* _WHAT IS NEEDED_
What lines below mention the word "induction"? Copy each one.

'''

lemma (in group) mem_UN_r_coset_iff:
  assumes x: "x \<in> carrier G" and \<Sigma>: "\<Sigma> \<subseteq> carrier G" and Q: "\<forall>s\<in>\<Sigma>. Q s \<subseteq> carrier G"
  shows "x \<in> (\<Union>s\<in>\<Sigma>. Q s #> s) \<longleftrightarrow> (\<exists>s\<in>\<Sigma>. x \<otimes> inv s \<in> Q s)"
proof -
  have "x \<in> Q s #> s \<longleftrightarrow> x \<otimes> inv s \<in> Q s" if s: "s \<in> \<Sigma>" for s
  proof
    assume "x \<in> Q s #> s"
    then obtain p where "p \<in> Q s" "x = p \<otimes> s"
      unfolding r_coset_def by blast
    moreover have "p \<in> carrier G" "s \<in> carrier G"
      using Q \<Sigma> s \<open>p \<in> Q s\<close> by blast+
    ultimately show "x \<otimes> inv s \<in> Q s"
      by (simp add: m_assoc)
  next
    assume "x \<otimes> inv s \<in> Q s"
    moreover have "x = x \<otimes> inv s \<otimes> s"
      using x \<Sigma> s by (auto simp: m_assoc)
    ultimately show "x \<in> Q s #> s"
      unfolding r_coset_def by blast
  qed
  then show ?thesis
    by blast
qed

'''
'''

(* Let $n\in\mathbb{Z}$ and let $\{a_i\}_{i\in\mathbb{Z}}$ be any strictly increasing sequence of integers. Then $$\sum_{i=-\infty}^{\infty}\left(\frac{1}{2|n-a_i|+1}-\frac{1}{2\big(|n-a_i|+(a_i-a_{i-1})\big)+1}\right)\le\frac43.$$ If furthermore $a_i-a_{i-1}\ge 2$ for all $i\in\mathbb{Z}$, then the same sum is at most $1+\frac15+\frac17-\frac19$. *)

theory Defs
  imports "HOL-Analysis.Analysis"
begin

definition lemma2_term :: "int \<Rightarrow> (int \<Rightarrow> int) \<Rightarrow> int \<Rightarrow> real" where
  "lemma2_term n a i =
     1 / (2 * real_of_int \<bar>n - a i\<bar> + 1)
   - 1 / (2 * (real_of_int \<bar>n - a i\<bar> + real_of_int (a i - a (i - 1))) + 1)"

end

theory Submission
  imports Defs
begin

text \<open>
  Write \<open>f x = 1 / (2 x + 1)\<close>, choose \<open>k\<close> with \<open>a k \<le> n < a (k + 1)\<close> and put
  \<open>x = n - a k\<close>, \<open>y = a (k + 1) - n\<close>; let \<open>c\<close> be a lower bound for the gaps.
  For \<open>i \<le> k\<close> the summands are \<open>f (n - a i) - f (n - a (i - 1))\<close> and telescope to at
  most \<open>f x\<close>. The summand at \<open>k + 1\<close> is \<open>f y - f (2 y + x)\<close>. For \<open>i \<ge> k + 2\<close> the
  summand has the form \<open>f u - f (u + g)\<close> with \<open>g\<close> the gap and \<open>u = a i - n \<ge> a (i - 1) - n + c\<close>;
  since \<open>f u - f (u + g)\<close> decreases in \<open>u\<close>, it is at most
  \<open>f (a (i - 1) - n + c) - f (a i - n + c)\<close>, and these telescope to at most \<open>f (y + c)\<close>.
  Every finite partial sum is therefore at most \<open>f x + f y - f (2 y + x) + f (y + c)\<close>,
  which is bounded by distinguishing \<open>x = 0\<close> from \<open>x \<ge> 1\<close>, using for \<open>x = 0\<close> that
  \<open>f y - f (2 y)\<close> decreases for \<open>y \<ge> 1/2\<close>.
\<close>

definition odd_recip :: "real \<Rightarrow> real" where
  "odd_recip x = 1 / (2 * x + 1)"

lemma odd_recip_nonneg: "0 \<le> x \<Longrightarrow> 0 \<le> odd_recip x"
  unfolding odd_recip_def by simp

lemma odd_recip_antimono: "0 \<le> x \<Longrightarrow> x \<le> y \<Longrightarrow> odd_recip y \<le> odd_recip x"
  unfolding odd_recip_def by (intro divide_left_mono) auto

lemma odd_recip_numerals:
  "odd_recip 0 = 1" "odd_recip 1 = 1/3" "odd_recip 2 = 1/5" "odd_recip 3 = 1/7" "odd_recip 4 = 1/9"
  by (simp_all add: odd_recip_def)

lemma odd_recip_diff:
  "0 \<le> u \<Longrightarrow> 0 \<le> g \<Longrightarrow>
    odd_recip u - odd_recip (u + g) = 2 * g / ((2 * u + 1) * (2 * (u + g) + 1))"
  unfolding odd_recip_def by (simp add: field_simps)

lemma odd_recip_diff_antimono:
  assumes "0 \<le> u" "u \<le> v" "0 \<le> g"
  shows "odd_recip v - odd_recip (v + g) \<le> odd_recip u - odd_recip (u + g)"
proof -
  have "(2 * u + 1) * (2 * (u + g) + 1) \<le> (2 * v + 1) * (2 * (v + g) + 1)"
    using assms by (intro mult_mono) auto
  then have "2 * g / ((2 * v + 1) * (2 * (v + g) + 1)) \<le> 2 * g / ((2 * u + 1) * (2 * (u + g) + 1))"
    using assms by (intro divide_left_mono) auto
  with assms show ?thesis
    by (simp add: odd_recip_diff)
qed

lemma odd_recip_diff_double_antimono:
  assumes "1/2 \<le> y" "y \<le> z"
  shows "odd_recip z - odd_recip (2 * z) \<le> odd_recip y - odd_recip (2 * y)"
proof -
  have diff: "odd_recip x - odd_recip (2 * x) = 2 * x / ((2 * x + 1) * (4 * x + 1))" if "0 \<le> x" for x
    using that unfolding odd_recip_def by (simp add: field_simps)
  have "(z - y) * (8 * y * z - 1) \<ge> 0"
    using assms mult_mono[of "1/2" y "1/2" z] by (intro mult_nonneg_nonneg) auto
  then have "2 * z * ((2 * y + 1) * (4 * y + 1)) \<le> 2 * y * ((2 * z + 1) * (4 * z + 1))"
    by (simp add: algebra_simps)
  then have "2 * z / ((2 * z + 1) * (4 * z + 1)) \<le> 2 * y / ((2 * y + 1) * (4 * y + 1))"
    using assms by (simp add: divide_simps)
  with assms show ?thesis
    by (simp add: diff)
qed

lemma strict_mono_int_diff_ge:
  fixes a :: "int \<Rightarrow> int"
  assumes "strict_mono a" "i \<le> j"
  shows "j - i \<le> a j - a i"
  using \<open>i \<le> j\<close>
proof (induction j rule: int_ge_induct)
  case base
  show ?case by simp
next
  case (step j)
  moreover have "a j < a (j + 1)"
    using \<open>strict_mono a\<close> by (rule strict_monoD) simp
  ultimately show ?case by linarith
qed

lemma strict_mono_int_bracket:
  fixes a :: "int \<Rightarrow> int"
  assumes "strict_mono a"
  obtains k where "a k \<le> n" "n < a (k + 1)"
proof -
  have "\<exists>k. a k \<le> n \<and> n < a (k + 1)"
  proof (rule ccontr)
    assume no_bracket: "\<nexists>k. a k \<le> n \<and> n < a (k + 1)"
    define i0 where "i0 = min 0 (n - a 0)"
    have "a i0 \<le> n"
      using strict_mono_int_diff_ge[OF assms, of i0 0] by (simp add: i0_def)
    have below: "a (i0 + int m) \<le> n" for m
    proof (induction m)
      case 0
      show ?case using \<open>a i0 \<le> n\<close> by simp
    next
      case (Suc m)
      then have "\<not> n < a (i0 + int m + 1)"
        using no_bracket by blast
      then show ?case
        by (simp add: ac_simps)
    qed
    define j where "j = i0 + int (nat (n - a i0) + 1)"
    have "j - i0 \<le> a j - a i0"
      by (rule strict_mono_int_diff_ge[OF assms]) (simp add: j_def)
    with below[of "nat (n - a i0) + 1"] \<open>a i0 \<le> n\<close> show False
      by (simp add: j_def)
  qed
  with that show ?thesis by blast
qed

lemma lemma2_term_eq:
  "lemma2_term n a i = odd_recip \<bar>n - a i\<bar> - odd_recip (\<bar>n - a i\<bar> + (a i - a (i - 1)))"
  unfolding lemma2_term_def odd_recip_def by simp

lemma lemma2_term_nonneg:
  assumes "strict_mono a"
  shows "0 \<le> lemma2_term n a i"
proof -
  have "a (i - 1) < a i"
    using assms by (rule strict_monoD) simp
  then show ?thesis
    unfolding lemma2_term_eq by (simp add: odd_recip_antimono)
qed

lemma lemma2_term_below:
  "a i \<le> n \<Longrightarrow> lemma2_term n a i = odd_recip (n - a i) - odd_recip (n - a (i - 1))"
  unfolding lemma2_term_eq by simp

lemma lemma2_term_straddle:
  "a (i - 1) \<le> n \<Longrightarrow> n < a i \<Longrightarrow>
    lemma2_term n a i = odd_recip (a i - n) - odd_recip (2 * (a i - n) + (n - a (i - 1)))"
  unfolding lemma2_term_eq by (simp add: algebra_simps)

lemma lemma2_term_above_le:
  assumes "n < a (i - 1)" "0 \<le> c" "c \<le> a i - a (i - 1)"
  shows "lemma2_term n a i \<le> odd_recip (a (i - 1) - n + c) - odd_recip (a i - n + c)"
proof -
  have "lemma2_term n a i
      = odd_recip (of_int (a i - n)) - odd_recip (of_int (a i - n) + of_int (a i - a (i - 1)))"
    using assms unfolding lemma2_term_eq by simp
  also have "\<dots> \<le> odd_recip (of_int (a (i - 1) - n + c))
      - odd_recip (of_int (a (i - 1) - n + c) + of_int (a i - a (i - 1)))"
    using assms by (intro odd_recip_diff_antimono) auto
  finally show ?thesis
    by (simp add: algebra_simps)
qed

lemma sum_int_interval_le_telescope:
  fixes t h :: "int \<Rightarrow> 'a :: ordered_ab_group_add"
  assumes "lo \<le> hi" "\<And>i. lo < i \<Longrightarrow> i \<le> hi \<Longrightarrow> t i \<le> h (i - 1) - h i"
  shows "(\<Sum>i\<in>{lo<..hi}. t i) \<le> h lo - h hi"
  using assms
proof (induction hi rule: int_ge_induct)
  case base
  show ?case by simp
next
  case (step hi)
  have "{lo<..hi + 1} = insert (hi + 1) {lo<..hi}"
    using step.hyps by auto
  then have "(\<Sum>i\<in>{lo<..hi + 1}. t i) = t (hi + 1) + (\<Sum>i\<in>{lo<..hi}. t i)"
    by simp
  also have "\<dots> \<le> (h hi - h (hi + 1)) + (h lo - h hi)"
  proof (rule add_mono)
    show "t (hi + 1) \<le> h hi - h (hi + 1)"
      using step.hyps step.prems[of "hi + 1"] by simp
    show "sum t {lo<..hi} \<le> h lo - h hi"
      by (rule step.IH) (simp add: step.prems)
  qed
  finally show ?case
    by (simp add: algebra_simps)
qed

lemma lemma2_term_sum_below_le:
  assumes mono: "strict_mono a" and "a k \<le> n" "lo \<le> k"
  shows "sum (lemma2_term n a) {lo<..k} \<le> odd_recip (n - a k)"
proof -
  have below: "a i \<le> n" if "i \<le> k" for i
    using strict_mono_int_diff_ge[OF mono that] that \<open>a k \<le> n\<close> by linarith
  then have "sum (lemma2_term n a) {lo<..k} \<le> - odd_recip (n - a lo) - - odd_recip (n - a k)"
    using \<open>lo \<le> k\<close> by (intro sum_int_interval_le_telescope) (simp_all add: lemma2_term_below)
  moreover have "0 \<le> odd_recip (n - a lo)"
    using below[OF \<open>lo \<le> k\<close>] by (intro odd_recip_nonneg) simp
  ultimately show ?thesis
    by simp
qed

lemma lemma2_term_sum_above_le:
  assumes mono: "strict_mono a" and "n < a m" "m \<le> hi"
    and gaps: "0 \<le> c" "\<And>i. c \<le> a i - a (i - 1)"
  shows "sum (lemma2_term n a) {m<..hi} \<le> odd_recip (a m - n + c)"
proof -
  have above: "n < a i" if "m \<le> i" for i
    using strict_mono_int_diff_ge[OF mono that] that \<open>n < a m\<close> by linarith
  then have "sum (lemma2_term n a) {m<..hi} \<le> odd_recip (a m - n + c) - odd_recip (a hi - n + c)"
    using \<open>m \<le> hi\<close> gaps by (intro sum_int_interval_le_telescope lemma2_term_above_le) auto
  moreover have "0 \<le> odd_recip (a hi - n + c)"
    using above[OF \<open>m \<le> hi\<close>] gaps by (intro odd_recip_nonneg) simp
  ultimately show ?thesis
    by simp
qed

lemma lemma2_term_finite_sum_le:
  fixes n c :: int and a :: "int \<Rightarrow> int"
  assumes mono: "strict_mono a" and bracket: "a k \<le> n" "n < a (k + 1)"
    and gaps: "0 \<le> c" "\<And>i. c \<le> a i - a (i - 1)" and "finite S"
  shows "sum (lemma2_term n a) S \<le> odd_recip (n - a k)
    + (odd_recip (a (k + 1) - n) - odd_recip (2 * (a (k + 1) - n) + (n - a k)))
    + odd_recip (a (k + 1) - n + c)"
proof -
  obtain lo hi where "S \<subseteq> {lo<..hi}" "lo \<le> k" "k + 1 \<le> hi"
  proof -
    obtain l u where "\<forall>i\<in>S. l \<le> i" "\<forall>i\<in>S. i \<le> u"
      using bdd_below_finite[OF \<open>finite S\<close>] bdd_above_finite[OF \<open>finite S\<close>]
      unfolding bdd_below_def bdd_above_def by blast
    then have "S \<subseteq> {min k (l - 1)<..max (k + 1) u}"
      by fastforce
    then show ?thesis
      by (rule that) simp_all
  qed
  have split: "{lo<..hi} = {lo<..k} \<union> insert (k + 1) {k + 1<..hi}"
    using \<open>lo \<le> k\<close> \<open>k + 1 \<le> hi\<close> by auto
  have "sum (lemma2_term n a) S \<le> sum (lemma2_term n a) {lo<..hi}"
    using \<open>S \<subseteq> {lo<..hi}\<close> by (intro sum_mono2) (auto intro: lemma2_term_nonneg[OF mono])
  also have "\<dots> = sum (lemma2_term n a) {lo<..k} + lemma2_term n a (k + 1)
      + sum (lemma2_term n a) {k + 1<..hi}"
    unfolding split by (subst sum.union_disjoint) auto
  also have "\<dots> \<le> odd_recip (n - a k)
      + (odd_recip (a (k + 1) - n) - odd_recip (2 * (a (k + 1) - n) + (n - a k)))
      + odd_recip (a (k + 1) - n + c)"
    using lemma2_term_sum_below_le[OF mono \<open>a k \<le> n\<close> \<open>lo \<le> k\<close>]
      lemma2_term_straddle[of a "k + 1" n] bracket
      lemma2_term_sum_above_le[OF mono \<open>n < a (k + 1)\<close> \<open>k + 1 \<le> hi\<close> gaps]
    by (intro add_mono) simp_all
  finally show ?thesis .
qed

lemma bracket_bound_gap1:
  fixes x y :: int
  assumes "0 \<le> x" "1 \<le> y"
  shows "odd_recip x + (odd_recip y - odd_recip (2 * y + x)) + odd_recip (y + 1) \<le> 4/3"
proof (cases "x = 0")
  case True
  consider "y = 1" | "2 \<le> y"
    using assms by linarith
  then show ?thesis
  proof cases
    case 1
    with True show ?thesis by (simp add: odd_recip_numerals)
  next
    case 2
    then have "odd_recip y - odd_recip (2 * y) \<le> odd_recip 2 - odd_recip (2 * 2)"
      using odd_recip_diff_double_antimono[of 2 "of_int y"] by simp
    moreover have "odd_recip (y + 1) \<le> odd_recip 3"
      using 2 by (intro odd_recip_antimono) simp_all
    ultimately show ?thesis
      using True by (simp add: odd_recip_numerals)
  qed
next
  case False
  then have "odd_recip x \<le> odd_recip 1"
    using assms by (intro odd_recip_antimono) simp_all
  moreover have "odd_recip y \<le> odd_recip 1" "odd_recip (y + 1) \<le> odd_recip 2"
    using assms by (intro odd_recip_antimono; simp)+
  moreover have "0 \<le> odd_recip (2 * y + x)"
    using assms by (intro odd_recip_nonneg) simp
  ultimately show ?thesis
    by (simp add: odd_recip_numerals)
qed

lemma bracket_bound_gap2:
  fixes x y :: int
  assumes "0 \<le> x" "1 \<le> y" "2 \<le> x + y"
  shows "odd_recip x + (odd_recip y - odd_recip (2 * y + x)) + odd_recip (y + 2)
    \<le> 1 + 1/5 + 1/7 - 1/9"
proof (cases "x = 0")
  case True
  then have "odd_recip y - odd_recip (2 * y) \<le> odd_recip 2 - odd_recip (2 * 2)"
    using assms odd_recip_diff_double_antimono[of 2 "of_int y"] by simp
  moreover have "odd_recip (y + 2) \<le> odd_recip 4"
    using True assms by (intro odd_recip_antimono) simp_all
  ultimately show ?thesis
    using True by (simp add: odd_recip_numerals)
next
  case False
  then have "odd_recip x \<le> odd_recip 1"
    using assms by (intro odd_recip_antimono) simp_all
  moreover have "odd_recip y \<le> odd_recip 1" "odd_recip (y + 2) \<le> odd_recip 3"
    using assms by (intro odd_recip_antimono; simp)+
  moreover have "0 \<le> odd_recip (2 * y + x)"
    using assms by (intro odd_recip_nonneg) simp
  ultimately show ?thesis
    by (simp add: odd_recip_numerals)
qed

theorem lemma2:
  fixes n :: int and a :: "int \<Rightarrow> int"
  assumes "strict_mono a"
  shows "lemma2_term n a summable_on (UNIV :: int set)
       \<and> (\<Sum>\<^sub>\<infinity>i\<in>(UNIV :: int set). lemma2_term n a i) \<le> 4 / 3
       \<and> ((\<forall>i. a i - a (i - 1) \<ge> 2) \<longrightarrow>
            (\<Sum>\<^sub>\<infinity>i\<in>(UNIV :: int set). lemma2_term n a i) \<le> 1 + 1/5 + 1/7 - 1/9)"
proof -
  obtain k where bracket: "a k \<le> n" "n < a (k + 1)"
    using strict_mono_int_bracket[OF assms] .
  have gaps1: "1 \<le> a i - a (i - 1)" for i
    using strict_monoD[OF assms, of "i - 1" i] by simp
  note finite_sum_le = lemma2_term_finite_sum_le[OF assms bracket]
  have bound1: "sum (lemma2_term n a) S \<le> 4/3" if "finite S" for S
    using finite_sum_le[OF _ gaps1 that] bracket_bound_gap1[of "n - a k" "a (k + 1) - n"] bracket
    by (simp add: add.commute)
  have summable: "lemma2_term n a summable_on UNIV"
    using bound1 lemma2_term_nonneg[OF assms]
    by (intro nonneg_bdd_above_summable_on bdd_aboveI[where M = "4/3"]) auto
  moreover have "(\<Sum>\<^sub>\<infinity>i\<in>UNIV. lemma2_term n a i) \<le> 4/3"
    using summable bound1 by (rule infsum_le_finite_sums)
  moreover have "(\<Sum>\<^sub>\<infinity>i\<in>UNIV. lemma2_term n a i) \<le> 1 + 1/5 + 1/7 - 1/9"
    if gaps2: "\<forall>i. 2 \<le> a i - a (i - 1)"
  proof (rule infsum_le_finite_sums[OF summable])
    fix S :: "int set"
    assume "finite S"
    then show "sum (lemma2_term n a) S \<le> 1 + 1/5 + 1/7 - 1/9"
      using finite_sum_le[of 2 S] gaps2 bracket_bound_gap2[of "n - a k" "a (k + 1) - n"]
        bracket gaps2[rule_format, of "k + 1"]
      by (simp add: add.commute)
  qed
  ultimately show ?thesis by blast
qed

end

'''

* _WRITTEN RESPONSE_
proof (induction j rule: int_ge_induct)
    proof (induction m)
proof (induction hi rule: int_ge_induct)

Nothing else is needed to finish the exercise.